» Problem to solve: The listing should be returned in its entirety, exactly as given.

» Data shown:
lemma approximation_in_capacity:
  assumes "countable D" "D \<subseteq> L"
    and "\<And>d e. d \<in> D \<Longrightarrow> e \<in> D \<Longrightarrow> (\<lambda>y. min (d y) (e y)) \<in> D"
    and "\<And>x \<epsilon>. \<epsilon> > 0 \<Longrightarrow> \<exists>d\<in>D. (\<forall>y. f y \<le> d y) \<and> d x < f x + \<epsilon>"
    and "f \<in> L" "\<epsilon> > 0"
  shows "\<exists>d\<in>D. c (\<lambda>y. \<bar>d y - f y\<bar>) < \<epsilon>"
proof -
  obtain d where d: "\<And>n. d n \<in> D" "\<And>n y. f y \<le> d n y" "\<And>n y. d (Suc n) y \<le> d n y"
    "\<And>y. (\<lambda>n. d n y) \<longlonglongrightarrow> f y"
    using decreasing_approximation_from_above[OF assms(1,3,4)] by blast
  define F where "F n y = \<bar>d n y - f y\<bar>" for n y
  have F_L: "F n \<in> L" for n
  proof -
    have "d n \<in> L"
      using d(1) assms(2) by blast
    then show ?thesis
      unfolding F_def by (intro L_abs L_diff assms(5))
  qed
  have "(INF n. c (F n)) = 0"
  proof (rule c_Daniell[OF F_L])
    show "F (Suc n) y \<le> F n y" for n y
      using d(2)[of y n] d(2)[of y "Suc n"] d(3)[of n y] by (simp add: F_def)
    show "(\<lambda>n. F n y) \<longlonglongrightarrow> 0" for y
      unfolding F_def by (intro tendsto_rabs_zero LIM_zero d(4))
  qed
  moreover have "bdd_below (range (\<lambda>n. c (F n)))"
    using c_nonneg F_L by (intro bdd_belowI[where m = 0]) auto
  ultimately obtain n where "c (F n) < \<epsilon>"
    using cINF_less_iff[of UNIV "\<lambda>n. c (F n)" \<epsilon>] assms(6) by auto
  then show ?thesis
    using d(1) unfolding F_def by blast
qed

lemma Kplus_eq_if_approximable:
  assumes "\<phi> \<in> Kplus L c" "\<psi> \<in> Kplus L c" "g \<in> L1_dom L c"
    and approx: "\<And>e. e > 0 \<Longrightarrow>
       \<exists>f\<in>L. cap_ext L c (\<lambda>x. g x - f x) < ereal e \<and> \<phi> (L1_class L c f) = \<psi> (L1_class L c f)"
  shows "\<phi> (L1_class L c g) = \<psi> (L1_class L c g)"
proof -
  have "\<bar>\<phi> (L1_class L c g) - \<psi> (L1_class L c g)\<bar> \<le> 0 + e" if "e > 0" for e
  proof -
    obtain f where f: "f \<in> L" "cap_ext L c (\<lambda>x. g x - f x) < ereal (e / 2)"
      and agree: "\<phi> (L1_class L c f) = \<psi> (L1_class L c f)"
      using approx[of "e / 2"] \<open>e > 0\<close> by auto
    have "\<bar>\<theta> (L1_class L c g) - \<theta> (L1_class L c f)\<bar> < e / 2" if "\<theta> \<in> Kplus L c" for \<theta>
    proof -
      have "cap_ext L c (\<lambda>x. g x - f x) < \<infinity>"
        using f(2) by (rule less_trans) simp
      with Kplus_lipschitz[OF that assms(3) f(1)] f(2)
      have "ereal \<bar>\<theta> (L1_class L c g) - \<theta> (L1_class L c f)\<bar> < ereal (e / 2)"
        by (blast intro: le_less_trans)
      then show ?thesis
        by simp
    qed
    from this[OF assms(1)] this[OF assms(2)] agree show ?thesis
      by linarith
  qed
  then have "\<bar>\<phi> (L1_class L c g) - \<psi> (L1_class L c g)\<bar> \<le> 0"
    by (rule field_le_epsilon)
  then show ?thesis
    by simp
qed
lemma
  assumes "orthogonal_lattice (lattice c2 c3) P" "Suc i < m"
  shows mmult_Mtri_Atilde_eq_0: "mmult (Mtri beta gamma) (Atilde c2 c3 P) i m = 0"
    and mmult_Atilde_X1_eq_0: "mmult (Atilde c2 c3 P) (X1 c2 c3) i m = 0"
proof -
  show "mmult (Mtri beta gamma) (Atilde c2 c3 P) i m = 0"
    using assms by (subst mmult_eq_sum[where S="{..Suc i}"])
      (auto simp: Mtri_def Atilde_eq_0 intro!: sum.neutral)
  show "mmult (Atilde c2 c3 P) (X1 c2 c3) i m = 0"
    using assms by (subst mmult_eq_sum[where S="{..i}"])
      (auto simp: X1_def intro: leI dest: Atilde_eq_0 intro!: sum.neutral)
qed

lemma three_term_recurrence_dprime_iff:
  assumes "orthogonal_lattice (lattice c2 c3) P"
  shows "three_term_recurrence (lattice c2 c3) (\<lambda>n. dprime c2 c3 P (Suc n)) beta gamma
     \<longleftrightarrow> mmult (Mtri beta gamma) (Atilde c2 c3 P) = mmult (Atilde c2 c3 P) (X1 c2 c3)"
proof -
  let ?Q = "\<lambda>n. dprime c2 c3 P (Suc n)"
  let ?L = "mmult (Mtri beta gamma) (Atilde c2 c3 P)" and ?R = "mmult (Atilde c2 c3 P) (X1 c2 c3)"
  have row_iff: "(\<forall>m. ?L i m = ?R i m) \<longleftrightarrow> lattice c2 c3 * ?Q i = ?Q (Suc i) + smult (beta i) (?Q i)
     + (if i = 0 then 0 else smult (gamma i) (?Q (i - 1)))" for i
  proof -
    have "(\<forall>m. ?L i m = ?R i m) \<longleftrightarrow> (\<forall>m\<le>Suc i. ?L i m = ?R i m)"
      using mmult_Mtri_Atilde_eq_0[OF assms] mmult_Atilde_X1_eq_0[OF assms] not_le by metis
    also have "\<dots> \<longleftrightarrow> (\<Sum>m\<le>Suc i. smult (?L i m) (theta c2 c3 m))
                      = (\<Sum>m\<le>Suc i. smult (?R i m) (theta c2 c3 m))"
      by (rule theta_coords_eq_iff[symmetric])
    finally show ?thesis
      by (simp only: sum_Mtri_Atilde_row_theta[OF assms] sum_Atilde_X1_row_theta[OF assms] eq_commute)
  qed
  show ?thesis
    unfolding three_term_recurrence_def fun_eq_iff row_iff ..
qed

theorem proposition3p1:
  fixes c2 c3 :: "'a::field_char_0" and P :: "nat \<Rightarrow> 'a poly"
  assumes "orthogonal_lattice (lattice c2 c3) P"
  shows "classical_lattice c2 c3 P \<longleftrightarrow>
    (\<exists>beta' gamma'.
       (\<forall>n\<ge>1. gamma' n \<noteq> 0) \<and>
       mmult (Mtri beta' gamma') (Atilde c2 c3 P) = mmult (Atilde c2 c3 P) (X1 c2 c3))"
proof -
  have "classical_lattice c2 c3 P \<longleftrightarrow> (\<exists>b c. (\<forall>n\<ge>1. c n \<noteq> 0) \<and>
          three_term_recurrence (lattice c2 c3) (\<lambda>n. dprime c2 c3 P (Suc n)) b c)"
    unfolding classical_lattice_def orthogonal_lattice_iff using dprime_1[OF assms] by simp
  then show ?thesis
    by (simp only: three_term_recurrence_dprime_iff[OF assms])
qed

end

» Response area:
lemma approximation_in_capacity:
  assumes "countable D" "D \<subseteq> L"
    and "\<And>d e. d \<in> D \<Longrightarrow> e \<in> D \<Longrightarrow> (\<lambda>y. min (d y) (e y)) \<in> D"
    and "\<And>x \<epsilon>. \<epsilon> > 0 \<Longrightarrow> \<exists>d\<in>D. (\<forall>y. f y \<le> d y) \<and> d x < f x + \<epsilon>"
    and "f \<in> L" "\<epsilon> > 0"
  shows "\<exists>d\<in>D. c (\<lambda>y. \<bar>d y - f y\<bar>) < \<epsilon>"
proof -
  obtain d where d: "\<And>n. d n \<in> D" "\<And>n y. f y \<le> d n y" "\<And>n y. d (Suc n) y \<le> d n y"
    "\<And>y. (\<lambda>n. d n y) \<longlonglongrightarrow> f y"
    using decreasing_approximation_from_above[OF assms(1,3,4)] by blast
  define F where "F n y = \<bar>d n y - f y\<bar>" for n y
  have F_L: "F n \<in> L" for n
  proof -
    have "d n \<in> L"
      using d(1) assms(2) by blast
    then show ?thesis
      unfolding F_def by (intro L_abs L_diff assms(5))
  qed
  have "(INF n. c (F n)) = 0"
  proof (rule c_Daniell[OF F_L])
    show "F (Suc n) y \<le> F n y" for n y
      using d(2)[of y n] d(2)[of y "Suc n"] d(3)[of n y] by (simp add: F_def)
    show "(\<lambda>n. F n y) \<longlonglongrightarrow> 0" for y
      unfolding F_def by (intro tendsto_rabs_zero LIM_zero d(4))
  qed
  moreover have "bdd_below (range (\<lambda>n. c (F n)))"
    using c_nonneg F_L by (intro bdd_belowI[where m = 0]) auto
  ultimately obtain n where "c (F n) < \<epsilon>"
    using cINF_less_iff[of UNIV "\<lambda>n. c (F n)" \<epsilon>] assms(6) by auto
  then show ?thesis
    using d(1) unfolding F_def by blast
qed

lemma Kplus_eq_if_approximable:
  assumes "\<phi> \<in> Kplus L c" "\<psi> \<in> Kplus L c" "g \<in> L1_dom L c"
    and approx: "\<And>e. e > 0 \<Longrightarrow>
       \<exists>f\<in>L. cap_ext L c (\<lambda>x. g x - f x) < ereal e \<and> \<phi> (L1_class L c f) = \<psi> (L1_class L c f)"
  shows "\<phi> (L1_class L c g) = \<psi> (L1_class L c g)"
proof -
  have "\<bar>\<phi> (L1_class L c g) - \<psi> (L1_class L c g)\<bar> \<le> 0 + e" if "e > 0" for e
  proof -
    obtain f where f: "f \<in> L" "cap_ext L c (\<lambda>x. g x - f x) < ereal (e / 2)"
      and agree: "\<phi> (L1_class L c f) = \<psi> (L1_class L c f)"
      using approx[of "e / 2"] \<open>e > 0\<close> by auto
    have "\<bar>\<theta> (L1_class L c g) - \<theta> (L1_class L c f)\<bar> < e / 2" if "\<theta> \<in> Kplus L c" for \<theta>
    proof -
      have "cap_ext L c (\<lambda>x. g x - f x) < \<infinity>"
        using f(2) by (rule less_trans) simp
      with Kplus_lipschitz[OF that assms(3) f(1)] f(2)
      have "ereal \<bar>\<theta> (L1_class L c g) - \<theta> (L1_class L c f)\<bar> < ereal (e / 2)"
        by (blast intro: le_less_trans)
      then show ?thesis
        by simp
    qed
    from this[OF assms(1)] this[OF assms(2)] agree show ?thesis
      by linarith
  qed
  then have "\<bar>\<phi> (L1_class L c g) - \<psi> (L1_class L c g)\<bar> \<le> 0"
    by (rule field_le_epsilon)
  then show ?thesis
    by simp
qed
lemma
  assumes "orthogonal_lattice (lattice c2 c3) P" "Suc i < m"
  shows mmult_Mtri_Atilde_eq_0: "mmult (Mtri beta gamma) (Atilde c2 c3 P) i m = 0"
    and mmult_Atilde_X1_eq_0: "mmult (Atilde c2 c3 P) (X1 c2 c3) i m = 0"
proof -
  show "mmult (Mtri beta gamma) (Atilde c2 c3 P) i m = 0"
    using assms by (subst mmult_eq_sum[where S="{..Suc i}"])
      (auto simp: Mtri_def Atilde_eq_0 intro!: sum.neutral)
  show "mmult (Atilde c2 c3 P) (X1 c2 c3) i m = 0"
    using assms by (subst mmult_eq_sum[where S="{..i}"])
      (auto simp: X1_def intro: leI dest: Atilde_eq_0 intro!: sum.neutral)
qed

lemma three_term_recurrence_dprime_iff:
  assumes "orthogonal_lattice (lattice c2 c3) P"
  shows "three_term_recurrence (lattice c2 c3) (\<lambda>n. dprime c2 c3 P (Suc n)) beta gamma
     \<longleftrightarrow> mmult (Mtri beta gamma) (Atilde c2 c3 P) = mmult (Atilde c2 c3 P) (X1 c2 c3)"
proof -
  let ?Q = "\<lambda>n. dprime c2 c3 P (Suc n)"
  let ?L = "mmult (Mtri beta gamma) (Atilde c2 c3 P)" and ?R = "mmult (Atilde c2 c3 P) (X1 c2 c3)"
  have row_iff: "(\<forall>m. ?L i m = ?R i m) \<longleftrightarrow> lattice c2 c3 * ?Q i = ?Q (Suc i) + smult (beta i) (?Q i)
     + (if i = 0 then 0 else smult (gamma i) (?Q (i - 1)))" for i
  proof -
    have "(\<forall>m. ?L i m = ?R i m) \<longleftrightarrow> (\<forall>m\<le>Suc i. ?L i m = ?R i m)"
      using mmult_Mtri_Atilde_eq_0[OF assms] mmult_Atilde_X1_eq_0[OF assms] not_le by metis
    also have "\<dots> \<longleftrightarrow> (\<Sum>m\<le>Suc i. smult (?L i m) (theta c2 c3 m))
                      = (\<Sum>m\<le>Suc i. smult (?R i m) (theta c2 c3 m))"
      by (rule theta_coords_eq_iff[symmetric])
    finally show ?thesis
      by (simp only: sum_Mtri_Atilde_row_theta[OF assms] sum_Atilde_X1_row_theta[OF assms] eq_commute)
  qed
  show ?thesis
    unfolding three_term_recurrence_def fun_eq_iff row_iff ..
qed

theorem proposition3p1:
  fixes c2 c3 :: "'a::field_char_0" and P :: "nat \<Rightarrow> 'a poly"
  assumes "orthogonal_lattice (lattice c2 c3) P"
  shows "classical_lattice c2 c3 P \<longleftrightarrow>
    (\<exists>beta' gamma'.
       (\<forall>n\<ge>1. gamma' n \<noteq> 0) \<and>
       mmult (Mtri beta' gamma') (Atilde c2 c3 P) = mmult (Atilde c2 c3 P) (X1 c2 c3))"
proof -
  have "classical_lattice c2 c3 P \<longleftrightarrow> (\<exists>b c. (\<forall>n\<ge>1. c n \<noteq> 0) \<and>
          three_term_recurrence (lattice c2 c3) (\<lambda>n. dprime c2 c3 P (Suc n)) b c)"
    unfolding classical_lattice_def orthogonal_lattice_iff using dprime_1[OF assms] by simp
  then show ?thesis
    by (simp only: three_term_recurrence_dprime_iff[OF assms])
qed

end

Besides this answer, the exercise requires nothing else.